Since $\phi$ is concave, and thus $\phi^{-1}$ is convex, we note that:

\[\begin{aligned} \phi (-\phi^{-1} (\lambda x + (1-\lambda) y)) & \geq \phi ( -\lambda \phi^{-1}(x) - (1-\lambda)\phi^{-1}(y)) \\ \geq & \lambda \phi(-\phi^{-1}(x)) + (1-\lambda) \phi(-\phi^{-1}(y)) \end{aligned}\]

Therefore, $\phi(-\phi^{-1} (\gamma))$ is concave and the concavity of $g(\gamma)$ and $\psi (\gamma)$.

\[\tag*{$\blacksquare$}\]


Adversarial IRL (AIRL)

In practical imitation learning benchmarks, GAN-GCL often exhibits poor performance since preforming discrimination over entire trajectories $\tau$ can complicate training and result in high variance.

Results on imitation learning benchmark tasks

$\mathbf{Fig\ 6.}$ Results on imitation learning benchmark tasks (Fu et al. 2018)


Instead, adversarial IRL (AIRL) introduced by Fu et al. ICLR 2018 discriminates between state-action pairs:

\[\begin{aligned} \texttt{GAN-GCL: } & \; D_\boldsymbol{\theta} (\color{blue}{\tau}) = \frac{\exp f_\boldsymbol{\theta} (\color{blue}{\tau})}{\exp f_\boldsymbol{\theta} (\color{blue}{\tau}) + \pi (\color{blue}{\tau})} \\ \texttt{AIRL: } & \; D_\boldsymbol{\theta} (\color{red}{\mathbf{s}, \mathbf{a}}) = \frac{\exp f_\boldsymbol{\theta} (\color{red}{\mathbf{s}, \mathbf{a}})}{\exp f_\boldsymbol{\theta} (\color{red}{\mathbf{s}, \mathbf{a}}) + \pi (\color{red}{\mathbf{a} \vert \mathbf{s}})} \end{aligned}\]

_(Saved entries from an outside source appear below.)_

lemma nn_integral_Gamma_density_theta_approx:
  fixes a :: "real^'n" and s M :: real
  assumes s: "s > real CARD('n) / 2" and M: "M \<ge> 1" and a: "\<forall>i. a$i \<ge> M"
  shows "\<exists>J. (\<integral>\<^sup>+x. ennreal (indicator {0..} x * x powr (s - 1) / exp x *
                 (\<Prod>i\<in>UNIV. enn2real (theta (x / (a$i)\<^sup>2)) / a$i)) \<partial>lborel) = ennreal J \<and> 0 \<le> J \<and>
      \<bar>J - pi powr (real CARD('n) / 2) * Gamma (s - real CARD('n) / 2)\<bar>
        \<le> real CARD('n) * 3 ^ (CARD('n) - 1) / M * (Gamma s + Gamma (s - real (CARD('n) - 1) / 2))"
proof -
  define d where "d = CARD('n)"
  define t where "t = real (d - 1) / 2"
  define g where "g x = indicator {0..} x * x powr (s - 1) / exp x" for x :: real
  define A where "A x = (\<Prod>i\<in>UNIV. enn2real (theta (x / (a$i)\<^sup>2)) / a$i)" for x
  define L where "L = pi powr (real d / 2) * Gamma (s - real d / 2)"
  define K where "K = Gamma s + Gamma (s - t)"
  define \<delta> where "\<delta> = real d * 3 ^ (d - 1) / M"
  have d: "d \<ge> 1" unfolding d_def by (simp add: Suc_le_eq)
  have s0: "s > 0" and st: "s > t" and sd: "s > real d / 2"
    using s d by (simp_all add: d_def t_def of_nat_diff)
  have apos: "a$i > 0" for i using a M by (smt (verit))
  have g0: "0 \<le> g x" for x by (simp add: g_def)
  have g_nonpos: "g x = 0" if "x \<le> 0" for x using that unfolding g_def by (rule Gamma_density_nonpos)
  have A0: "0 \<le> A x" for x unfolding A_def using apos by (intro prod_nonneg) (simp add: less_imp_le)
  have close: "\<bar>g x * A x - g x * sqrt (pi / x) ^ d\<bar> \<le> \<delta> * (g x * (1 + x powr (- t)))" for x
  proof (cases "x > 0")
    case True
    have "\<bar>A x - sqrt (pi / x) ^ d\<bar> \<le> \<delta> * (1 + x powr (- t))"
      using abs_prod_theta_scaled_minus_sqrt_power_le[OF True M a]
      by (simp add: A_def \<delta>_def d_def t_def)
    then have "\<bar>g x\<bar> * \<bar>A x - sqrt (pi / x) ^ d\<bar> \<le> g x * (\<delta> * (1 + x powr (- t)))"
      using g0[of x] by (simp add: mult_left_mono)
    then show ?thesis by (simp only: abs_mult[symmetric] right_diff_distrib mult.left_commute)
  qed (simp add: g_nonpos)
  have "\<exists>J. (\<integral>\<^sup>+x. ennreal (g x * A x) \<partial>lborel) = ennreal J \<and> 0 \<le> J \<and> \<bar>J - L\<bar> \<le> \<delta> * K"
  proof (rule nn_integral_approx[OF _ _ _ _ _ _ _ _ _ close])
    show "(\<integral>\<^sup>+x. ennreal (g x * sqrt (pi / x) ^ d) \<partial>lborel) = ennreal L"
      unfolding g_def L_def by (rule nn_integral_Gamma_density_sqrt_power[OF sd])
    show "(\<integral>\<^sup>+x. ennreal (g x * (1 + x powr (- t))) \<partial>lborel) = ennreal K"
      unfolding g_def K_def by (rule nn_integral_Gamma_density_one_plus_powr[OF s0 st])
    show "0 \<le> g x * sqrt (pi / x) ^ d" for x
      by (cases "x > 0") (simp_all add: g0 g_nonpos)
    show "0 \<le> L" "0 \<le> K" using sd st s0 by (simp_all add: L_def K_def)
  qed (use g0 A0 M in \<open>auto simp: g_def A_def \<delta>_def\<close>)
  then show ?thesis unfolding g_def A_def L_def K_def \<delta>_def d_def t_def .
qed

where $f_\boldsymbol{\theta}$ is a reward approximator that also implicitly learns the partition function $Z (\boldsymbol{\theta})$. And the objective of the discriminator is to minimize cross-entropy loss between expert demonstrations and generated samples:

\[\mathcal{L}(\boldsymbol{\theta}) = - \mathbb{E}_\pi \left[ \sum_{t=0}^T \log (1 - D_\boldsymbol{\theta} (\mathbf{s}_t, \mathbf{a}_t)) \right] - \mathbb{E}_\mathcal{D} \left[ \log D_\boldsymbol{\theta} (\mathbf{s}_t, \mathbf{a}_t) \right]\]

Note that training the gradient of the discriminator objective:

\[\begin{aligned} - \mathcal{L}(\boldsymbol{\theta}) & = \mathbb{E}_\mathcal{D} \left[ \sum_{t=0}^T \log \frac{\exp \left(f_{\boldsymbol{\theta}} (\mathbf{s}_t, \mathbf{a}_t)\right)}{\exp \left(f_{\boldsymbol{\theta}} (\mathbf{s}_t, \mathbf{a}_t) \right) + \pi (\mathbf{a}_t \vert \mathbf{s}_t)} \right] + \mathbb{E}_\pi \left[ \sum_{t=0}^T \log \frac{ \pi (\mathbf{a}_t \vert \mathbf{s}_t)}{\exp \left(f_{\boldsymbol{\theta}} (\mathbf{s}_t, \mathbf{a}_t)\right) + \pi (\mathbf{a}_t \vert \mathbf{s}_t) } \right] \\ & = \sum_{t=0}^T \mathbb{E}_\mathcal{D} \left[ f_{\boldsymbol{\theta}} (\mathbf{s}_t, \mathbf{a}_t) \right] + \mathbb{E}_\pi \left[ \log \pi (\mathbf{a}_t \vert \mathbf{s}_t) \right] - 2 \mathbb{E}_{\mu} \left[ \log \left( \exp \left( f_\boldsymbol{\theta} (\mathbf{s}_t, \mathbf{a}_t) \right) + \pi (\mathbf{a}_t \vert \mathbf{s}_t) \right) \right] \\ \implies & \; \frac{\partial \mathcal{L}(\boldsymbol{\theta})}{\partial \boldsymbol{\theta}} = \mathbb{E}_\mathcal{D} \left[ \sum_{t=0}^T \frac{\partial f_\boldsymbol{\theta}(\mathbf{s}_t, \mathbf{a}_t)}{\partial \boldsymbol{\theta}} \right] - \mathbb{E}_\mu \left[ \sum_{t=0}^T \frac{\exp \left(f_\boldsymbol{\theta} (\mathbf{s}_t, \mathbf{a}_t) \right)}{\frac{1}{2} \exp \left(f_\boldsymbol{\theta} (\mathbf{s}_t, \mathbf{a}_t) \right) + \frac{1}{2} \pi (\mathbf{a}_t \vert \mathbf{s}_t)} \frac{\partial f_\boldsymbol{\theta}(\mathbf{s}_t, \mathbf{a}_t)}{\partial \boldsymbol{\theta}} \right] \end{aligned}\]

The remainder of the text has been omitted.